• _Your assignment_
The stretch from the line with "by (simp add: sum_distrib_left" through the line with "(\<Sum>p<m. \<Sum>n=Suc p..m." in the records below: write it out exactly, and nothing else.

----- Listed records -----

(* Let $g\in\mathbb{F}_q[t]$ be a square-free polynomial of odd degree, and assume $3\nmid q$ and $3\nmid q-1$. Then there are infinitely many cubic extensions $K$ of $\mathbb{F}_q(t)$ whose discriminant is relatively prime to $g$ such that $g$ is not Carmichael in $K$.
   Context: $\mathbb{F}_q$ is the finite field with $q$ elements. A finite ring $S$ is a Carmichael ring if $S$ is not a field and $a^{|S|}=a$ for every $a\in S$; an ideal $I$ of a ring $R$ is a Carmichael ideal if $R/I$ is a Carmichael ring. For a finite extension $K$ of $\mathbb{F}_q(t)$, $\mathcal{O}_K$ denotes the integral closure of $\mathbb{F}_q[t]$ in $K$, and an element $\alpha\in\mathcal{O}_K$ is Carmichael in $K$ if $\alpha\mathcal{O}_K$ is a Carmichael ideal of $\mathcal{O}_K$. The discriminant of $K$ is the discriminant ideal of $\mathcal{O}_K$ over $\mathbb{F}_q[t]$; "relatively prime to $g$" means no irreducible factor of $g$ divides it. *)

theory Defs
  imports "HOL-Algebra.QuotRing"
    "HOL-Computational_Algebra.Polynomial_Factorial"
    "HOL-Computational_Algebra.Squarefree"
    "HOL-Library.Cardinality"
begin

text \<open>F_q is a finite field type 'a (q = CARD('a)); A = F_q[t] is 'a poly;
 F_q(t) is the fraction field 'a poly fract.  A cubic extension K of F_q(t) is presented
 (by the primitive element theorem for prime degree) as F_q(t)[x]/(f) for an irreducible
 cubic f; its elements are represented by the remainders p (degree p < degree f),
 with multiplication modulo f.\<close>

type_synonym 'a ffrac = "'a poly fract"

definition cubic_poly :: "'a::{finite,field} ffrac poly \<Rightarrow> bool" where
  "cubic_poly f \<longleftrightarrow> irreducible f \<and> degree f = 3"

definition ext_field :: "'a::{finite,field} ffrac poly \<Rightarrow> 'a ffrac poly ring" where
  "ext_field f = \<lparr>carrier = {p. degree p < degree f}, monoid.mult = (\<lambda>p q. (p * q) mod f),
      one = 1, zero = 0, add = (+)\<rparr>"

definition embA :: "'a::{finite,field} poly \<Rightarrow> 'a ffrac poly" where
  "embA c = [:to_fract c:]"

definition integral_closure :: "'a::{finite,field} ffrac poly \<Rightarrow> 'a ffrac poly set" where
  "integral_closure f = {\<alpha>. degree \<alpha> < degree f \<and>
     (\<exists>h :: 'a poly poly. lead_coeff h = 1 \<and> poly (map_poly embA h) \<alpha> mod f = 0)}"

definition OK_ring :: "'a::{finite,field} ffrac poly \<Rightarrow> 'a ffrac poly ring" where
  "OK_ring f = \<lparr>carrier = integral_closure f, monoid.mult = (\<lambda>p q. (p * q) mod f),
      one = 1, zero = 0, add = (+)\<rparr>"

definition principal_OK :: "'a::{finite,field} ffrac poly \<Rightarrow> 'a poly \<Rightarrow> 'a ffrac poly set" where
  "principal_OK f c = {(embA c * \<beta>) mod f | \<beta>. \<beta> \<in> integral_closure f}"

-----
----- Listed records -----

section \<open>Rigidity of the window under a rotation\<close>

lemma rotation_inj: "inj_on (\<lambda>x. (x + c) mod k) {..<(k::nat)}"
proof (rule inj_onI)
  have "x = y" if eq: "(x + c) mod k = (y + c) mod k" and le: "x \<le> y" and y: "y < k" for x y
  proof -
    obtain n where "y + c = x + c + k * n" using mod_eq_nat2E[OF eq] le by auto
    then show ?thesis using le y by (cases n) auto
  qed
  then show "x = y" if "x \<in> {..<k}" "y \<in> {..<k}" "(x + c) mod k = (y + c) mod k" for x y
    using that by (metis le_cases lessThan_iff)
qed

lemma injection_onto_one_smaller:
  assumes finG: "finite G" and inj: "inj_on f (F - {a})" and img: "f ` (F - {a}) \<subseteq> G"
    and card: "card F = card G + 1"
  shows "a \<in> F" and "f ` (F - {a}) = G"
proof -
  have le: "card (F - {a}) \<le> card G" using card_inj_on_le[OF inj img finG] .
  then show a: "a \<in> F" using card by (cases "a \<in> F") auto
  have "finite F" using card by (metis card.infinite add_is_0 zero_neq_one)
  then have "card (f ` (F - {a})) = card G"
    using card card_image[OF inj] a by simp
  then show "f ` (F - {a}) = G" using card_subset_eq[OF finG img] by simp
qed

-----
----- Listed records -----

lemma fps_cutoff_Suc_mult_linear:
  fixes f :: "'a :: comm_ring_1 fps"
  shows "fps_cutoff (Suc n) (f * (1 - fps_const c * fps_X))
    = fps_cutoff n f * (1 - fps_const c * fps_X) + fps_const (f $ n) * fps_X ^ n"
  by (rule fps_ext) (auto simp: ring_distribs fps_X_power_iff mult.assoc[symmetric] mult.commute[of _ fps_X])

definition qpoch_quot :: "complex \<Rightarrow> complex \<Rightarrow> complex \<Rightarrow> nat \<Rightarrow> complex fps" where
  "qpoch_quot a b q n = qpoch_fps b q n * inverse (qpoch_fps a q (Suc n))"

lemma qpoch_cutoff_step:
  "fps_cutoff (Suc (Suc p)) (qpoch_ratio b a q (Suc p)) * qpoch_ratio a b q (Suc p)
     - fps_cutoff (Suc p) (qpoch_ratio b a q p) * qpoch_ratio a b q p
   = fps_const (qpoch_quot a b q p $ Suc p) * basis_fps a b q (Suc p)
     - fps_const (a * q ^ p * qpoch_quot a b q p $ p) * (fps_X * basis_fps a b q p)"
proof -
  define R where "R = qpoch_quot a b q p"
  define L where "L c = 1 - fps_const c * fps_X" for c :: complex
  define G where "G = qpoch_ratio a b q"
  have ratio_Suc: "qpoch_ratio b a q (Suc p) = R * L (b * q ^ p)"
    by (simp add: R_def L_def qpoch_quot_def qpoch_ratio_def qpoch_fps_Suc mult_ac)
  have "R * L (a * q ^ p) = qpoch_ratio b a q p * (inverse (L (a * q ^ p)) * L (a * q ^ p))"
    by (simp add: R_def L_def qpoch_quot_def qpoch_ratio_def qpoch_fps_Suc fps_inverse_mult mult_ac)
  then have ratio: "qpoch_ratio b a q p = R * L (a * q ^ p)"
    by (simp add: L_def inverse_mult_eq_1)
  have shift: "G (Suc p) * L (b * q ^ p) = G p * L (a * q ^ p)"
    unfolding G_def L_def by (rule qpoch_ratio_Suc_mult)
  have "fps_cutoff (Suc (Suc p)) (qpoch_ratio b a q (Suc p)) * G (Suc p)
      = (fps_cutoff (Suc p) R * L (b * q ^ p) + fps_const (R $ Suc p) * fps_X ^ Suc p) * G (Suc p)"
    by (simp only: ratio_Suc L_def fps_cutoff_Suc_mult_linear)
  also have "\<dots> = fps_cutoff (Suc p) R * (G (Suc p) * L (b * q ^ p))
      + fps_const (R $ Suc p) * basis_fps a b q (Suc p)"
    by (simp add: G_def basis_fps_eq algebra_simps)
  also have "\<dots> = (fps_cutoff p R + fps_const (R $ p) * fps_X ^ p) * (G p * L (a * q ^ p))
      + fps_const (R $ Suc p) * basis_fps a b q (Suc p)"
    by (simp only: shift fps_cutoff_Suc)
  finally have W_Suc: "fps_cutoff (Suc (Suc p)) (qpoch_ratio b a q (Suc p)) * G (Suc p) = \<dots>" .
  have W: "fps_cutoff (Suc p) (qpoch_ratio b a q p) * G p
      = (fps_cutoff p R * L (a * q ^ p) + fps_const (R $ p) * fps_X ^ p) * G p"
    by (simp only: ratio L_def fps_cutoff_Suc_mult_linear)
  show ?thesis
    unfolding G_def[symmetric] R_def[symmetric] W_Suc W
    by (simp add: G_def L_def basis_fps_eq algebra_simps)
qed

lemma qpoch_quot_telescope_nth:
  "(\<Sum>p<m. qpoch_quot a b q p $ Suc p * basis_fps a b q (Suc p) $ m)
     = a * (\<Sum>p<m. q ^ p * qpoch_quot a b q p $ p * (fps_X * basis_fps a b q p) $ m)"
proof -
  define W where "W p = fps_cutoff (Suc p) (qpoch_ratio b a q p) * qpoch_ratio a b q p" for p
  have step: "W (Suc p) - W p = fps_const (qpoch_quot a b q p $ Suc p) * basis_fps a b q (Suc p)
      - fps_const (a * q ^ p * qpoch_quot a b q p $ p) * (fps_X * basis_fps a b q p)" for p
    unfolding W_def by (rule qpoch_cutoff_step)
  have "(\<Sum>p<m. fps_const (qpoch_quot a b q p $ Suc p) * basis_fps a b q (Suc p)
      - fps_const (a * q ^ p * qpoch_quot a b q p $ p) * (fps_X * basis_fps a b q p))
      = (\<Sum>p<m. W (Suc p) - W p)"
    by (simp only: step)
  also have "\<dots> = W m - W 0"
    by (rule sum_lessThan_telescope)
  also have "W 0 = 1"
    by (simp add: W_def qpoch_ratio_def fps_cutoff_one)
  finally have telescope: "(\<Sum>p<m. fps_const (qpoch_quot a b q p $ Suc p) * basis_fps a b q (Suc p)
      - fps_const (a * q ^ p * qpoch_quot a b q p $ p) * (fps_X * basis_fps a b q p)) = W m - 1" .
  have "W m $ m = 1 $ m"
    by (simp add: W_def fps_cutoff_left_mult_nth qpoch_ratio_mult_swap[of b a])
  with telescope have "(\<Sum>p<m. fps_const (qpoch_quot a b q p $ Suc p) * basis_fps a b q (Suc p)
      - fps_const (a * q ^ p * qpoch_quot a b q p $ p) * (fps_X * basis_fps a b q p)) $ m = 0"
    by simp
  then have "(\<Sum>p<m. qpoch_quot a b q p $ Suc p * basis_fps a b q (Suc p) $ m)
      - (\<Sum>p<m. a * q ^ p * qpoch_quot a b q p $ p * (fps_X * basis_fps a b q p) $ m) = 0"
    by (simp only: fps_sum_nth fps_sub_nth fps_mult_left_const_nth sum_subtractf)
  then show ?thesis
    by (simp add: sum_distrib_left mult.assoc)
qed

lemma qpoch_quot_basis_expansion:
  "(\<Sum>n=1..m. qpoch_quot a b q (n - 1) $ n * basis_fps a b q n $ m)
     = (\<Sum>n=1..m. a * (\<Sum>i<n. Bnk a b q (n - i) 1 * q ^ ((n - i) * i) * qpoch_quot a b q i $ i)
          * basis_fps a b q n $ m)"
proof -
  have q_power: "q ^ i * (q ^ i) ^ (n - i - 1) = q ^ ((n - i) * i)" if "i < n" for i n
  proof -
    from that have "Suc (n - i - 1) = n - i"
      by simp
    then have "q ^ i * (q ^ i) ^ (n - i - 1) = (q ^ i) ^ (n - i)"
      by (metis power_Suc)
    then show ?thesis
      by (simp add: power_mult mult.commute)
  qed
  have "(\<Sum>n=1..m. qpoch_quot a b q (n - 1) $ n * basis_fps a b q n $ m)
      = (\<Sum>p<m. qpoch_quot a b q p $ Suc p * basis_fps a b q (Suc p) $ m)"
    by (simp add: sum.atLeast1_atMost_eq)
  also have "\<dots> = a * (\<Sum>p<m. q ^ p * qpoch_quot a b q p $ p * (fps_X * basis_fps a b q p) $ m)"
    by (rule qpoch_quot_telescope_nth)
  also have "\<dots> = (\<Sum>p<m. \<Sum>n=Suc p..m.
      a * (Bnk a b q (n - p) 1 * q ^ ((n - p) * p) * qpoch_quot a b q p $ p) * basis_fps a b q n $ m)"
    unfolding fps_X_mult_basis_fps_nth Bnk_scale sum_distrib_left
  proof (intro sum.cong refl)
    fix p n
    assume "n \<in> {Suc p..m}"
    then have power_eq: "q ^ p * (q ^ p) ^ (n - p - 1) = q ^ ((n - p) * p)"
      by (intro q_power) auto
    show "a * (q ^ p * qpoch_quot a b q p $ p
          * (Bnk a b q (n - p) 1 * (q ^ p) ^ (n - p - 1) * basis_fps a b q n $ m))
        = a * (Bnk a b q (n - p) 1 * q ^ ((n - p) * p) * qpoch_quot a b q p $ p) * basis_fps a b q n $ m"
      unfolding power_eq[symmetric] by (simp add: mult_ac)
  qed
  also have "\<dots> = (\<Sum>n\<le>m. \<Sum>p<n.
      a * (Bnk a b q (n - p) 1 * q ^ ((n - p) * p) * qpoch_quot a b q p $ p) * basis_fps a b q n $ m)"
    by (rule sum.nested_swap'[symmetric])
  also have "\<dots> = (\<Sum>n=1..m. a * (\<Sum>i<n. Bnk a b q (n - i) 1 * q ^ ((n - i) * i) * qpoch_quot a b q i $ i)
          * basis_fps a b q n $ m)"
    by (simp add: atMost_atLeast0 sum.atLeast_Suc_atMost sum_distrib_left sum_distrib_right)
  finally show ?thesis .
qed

-----

• _Solution to the problem_
    by (simp add: sum_distrib_left mult.assoc)
qed

lemma qpoch_quot_basis_expansion:
  "(\<Sum>n=1..m. qpoch_quot a b q (n - 1) $ n * basis_fps a b q n $ m)
     = (\<Sum>n=1..m. a * (\<Sum>i<n. Bnk a b q (n - i) 1 * q ^ ((n - i) * i) * qpoch_quot a b q i $ i)
          * basis_fps a b q n $ m)"
proof -
  have q_power: "q ^ i * (q ^ i) ^ (n - i - 1) = q ^ ((n - i) * i)" if "i < n" for i n
  proof -
    from that have "Suc (n - i - 1) = n - i"
      by simp
    then have "q ^ i * (q ^ i) ^ (n - i - 1) = (q ^ i) ^ (n - i)"
      by (metis power_Suc)
    then show ?thesis
      by (simp add: power_mult mult.commute)
  qed
  have "(\<Sum>n=1..m. qpoch_quot a b q (n - 1) $ n * basis_fps a b q n $ m)
      = (\<Sum>p<m. qpoch_quot a b q p $ Suc p * basis_fps a b q (Suc p) $ m)"
    by (simp add: sum.atLeast1_atMost_eq)
  also have "\<dots> = a * (\<Sum>p<m. q ^ p * qpoch_quot a b q p $ p * (fps_X * basis_fps a b q p) $ m)"
    by (rule qpoch_quot_telescope_nth)
  also have "\<dots> = (\<Sum>p<m. \<Sum>n=Suc p..m.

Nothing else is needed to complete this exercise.